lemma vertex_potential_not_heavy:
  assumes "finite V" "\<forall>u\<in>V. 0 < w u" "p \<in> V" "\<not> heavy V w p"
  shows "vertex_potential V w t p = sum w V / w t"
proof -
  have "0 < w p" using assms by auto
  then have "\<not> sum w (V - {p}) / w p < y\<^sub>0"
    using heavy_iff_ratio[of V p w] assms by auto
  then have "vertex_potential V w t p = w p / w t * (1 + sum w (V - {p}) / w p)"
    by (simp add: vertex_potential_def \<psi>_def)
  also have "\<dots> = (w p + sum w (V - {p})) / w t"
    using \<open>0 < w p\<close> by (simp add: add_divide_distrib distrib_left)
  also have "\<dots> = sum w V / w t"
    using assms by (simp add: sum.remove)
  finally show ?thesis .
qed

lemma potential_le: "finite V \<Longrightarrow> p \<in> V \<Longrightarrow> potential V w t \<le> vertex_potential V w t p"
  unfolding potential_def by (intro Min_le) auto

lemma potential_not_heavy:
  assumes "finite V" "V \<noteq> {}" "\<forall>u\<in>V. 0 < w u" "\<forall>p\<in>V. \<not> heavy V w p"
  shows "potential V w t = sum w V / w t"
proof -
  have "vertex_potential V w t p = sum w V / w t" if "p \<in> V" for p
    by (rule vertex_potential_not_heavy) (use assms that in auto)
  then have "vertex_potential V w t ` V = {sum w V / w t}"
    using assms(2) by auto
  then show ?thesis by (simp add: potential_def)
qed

====================

Find every line in the records that contains the word "auto"; copy those lines.

  have "0 < w p" using assms by auto
    using heavy_iff_ratio[of V p w] assms by auto
  unfolding potential_def by (intro Min_le) auto
    by (rule vertex_potential_not_heavy) (use assms that in auto)
    using assms(2) by auto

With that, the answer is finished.